If log2 + 2logx = log(4x-2), then x = ?

Question

Hard problems for Advanced Algebra

Answer 1

log2 + 2logx = log(4x-2)

log2 + log(x^2) = log(4x-2) ....... since a*log b = log(b^a)

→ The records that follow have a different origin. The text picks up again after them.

lemma antipodes_radius_certificate:
  fixes r :: "'a \<Rightarrow> 'b::linorder"
  assumes inj: "inj_on r V" and L: "L \<subseteq> V" "L \<noteq> {}"
    and certifies: "otoa_certifies_radius V E L"
  shows "radius_certificate V E (L \<union> antipodes V E r L)"
proof -
  have finite_L: "finite L" using L(1) finite_nodes finite_subset by blast
  note antipode = antipode_furthest[OF finite_nodes _ inj]
  have "\<exists>z \<in> L \<union> antipodes V E r L. grad V E \<le> gdist E u z" if u: "u \<in> V" for u
  proof -
    obtain v where v: "v \<in> V" "real (grad V E) \<le> landmark_dist L (gdist E) u v"
      using certifies u query_consistent_landmark_dist[OF L]
      unfolding otoa_certifies_radius_def by blast
    obtain x where "x \<in> L"
      and x: "landmark_dist L (gdist E) u v = \<bar>real (gdist E x u) - real (gdist E x v)\<bar>"
      using landmark_dist_attained[OF finite_L L(2)] .
    then have xV: "x \<in> V" using L(1) by auto
    show ?thesis
    proof (cases "gdist E x v \<le> gdist E x u")
      case True
      then have "grad V E \<le> gdist E u x" using v x gdist_sym[OF u xV] by linarith
      then show ?thesis using \<open>x \<in> L\<close> by blast
    next
      case False
      let ?a = "antipode V E r x"
      have "grad V E + gdist E x u \<le> gdist E x v" using False v x by linarith
      also have "\<dots> \<le> gdist E x ?a" using antipode v u by blast
      also have "\<dots> \<le> gdist E x u + gdist E u ?a"
        using antipode u xV by (blast intro: gdist_triangle)
      finally have "grad V E \<le> gdist E u ?a" by simp
      moreover have "?a \<in> antipodes V E r L" unfolding antipodes_def using \<open>x \<in> L\<close> by blast
      ultimately show ?thesis by blast
    qed
  qed
  moreover have "antipodes V E r L \<subseteq> V" unfolding antipodes_def using antipode L by blast
  ultimately show ?thesis unfolding radius_certificate_def using L(1) by auto
qed

end

lemma Min_card_radius_certificate_le:
  assumes "finite V" "radius_certificate V E C"
  shows "Min (card ` {C. radius_certificate V E C}) \<le> card C"
proof -
  have "{C. radius_certificate V E C} \<subseteq> Pow V" unfolding radius_certificate_def by blast
  then have "finite {C. radius_certificate V E C}" using assms(1) finite_subset by blast
  then show ?thesis using assms(2) by (intro Min_le finite_imageI) auto
qed

theorem theorem2:
  fixes V :: "'a set" and E :: "'a \<Rightarrow> 'a \<Rightarrow> bool" and L :: "'a set"
  assumes "finite V"
    and "\<And>u v. E u v \<Longrightarrow> u \<in> V \<and> v \<in> V"
    and "\<And>u v. E u v \<longleftrightarrow> E v u"
    and "graph_connected V E"
    and "L \<subseteq> V" and "L \<noteq> {}"
    and "otoa_certifies_radius V E L"
  shows "(\<forall>r :: 'a \<Rightarrow> 'b::linorder. inj_on r V \<longrightarrow>
            radius_certificate V E (L \<union> antipodes V E r L))
       \<and> real (card L) \<ge> real (Min (card ` {C. radius_certificate V E C})) / 2"
proof -
  interpret connected_graph V E using assms(1,3,4) by unfold_locales
  obtain rank :: "'a \<Rightarrow> nat" where rank: "inj_on rank V"
    using finite_imp_inj_to_nat_seg[OF assms(1)] by blast
  have finite_L: "finite L" using assms(1,5) finite_subset by blast
  have "Min (card ` {C. radius_certificate V E C}) \<le> card (L \<union> antipodes V E rank L)"
    using Min_card_radius_certificate_le[OF assms(1)] antipodes_radius_certificate[OF rank assms(5-7)]
    by blast
  also have "\<dots> \<le> card L + card (antipodes V E rank L)" by (rule card_Un_le)
  also have "\<dots> \<le> 2 * card L" unfolding antipodes_def using card_image_le[OF finite_L] by simp
  finally have "real (Min (card ` {C. radius_certificate V E C})) / 2 \<le> real (card L)" by linarith
  with antipodes_radius_certificate[OF _ assms(5-7)] show ?thesis by blast
qed

end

log[2*(x^2)] = log(4x-2) ........ since log a + log b = log a*b

2*(x^2) = 4x - 2

x^2 = 2*x - 1

x^2 - 2*x +1 = 0

(x - 1)^2 = 0

Two equal roots: x=1,1

Thus, x = 1

Answer 2

log2 + 2logx = log(4x-2) log2 + logx^2 = log(4x-2) log(2x^2) = log(4x-2) 2x^2 = 4x-2 2x^2 - 4x + 2 = 0 2(x^2 - 2x + 1) = 0 2(x-1)(x-1) = 0 x = 1

Answer 3

log2 + 2logx = log(4x-2)
log2 + log(x^2) = log(4x-2)
log[2*(x^2)] = log(4x-2)
2*(x^2) = 4x - 2

Dividing both sides by 2

x^2 = 2*x - 1
x^2 -2x +1 = 0
x^2 -2.x.1 +1^2 = 0
(x - 1)^2 = 0
(x - 1)(x - 1) = 0
(x - 1) = 0, (x - 1) = 0
x = 1, 1

Answer 4

log2+2logx=log(4x-2)
log2+log(x^2)=log(4x-2)
{2x^2/(4x-2)}=0
2x^2=4x-2
2x^2-4x+2=0
x^2-2x+1=0
(x-1)^2=0
So, x=1

Answer 5

here is the solution:

=>Log2 + 2log x=log(4x-2)
=>Log2 +logx2=log(4x-2) //by the property of log
=>2 * x2 =4x – 2
=>2 x2 – 4x +2=0
=>x2 – 2x +1 =0
=>(x-1)2=0
=>x = 1,1

Answer 6

log2 + 2logx = log(4x-2)
log 2x^2=log (4x-2)
2x^2=4x-2
x^2-2x+1=0
(x-1)^2

Answer 7

2 log x = log x²

log 2 + log x² = log 2x²

So log (2x²) = log (4x-2)

2x² = 4x-2

=> 2x² - 4x + 2 = 0
=> x² - 2x + 1 = 0

so x = 1 (1 is a double root)

Answer 8

x=56

Answer 9

log2x^2=log(4x-2)
2x^2=4x-2
2x^2-4x+2=0
dividing by2
x^2-2x+1=0
(x-1)^2=0
x=1,1

Answer 10

Hey I came up with x=2.... lemme know if I am right... i dont even know for real if I am ..... but hopefully I am!